-- Data for this task --
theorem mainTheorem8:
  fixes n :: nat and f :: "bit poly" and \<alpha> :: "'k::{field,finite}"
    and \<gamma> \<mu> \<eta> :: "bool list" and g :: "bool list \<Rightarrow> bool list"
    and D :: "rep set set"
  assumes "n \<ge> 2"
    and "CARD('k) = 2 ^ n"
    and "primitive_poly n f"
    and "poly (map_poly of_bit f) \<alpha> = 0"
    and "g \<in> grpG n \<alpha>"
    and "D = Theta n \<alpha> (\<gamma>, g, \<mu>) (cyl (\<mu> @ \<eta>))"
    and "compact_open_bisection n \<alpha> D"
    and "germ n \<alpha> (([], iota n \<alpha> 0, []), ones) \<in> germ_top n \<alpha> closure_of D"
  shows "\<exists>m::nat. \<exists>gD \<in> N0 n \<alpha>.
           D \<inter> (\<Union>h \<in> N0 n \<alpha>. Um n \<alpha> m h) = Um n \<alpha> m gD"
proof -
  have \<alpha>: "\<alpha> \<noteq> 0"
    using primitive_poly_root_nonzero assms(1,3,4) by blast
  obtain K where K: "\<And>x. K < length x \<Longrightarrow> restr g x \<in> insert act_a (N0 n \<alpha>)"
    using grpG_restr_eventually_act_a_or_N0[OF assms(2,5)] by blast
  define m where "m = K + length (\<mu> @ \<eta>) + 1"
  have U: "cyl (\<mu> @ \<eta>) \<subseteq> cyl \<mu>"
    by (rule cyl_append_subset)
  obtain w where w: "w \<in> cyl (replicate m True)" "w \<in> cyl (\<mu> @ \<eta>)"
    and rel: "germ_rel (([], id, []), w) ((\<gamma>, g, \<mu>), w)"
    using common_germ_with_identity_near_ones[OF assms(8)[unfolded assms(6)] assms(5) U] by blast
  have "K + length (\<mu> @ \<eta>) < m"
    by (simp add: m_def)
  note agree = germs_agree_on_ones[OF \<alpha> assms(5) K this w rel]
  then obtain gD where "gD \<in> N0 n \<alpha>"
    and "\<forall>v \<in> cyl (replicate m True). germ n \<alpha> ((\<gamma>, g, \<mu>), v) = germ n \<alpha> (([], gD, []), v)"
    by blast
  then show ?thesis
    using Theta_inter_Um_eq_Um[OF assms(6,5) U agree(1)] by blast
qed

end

-- What is expected --
If a line in the data contains the string "agree", count it, then give the total and nothing else.

-- Answer to this problem --
2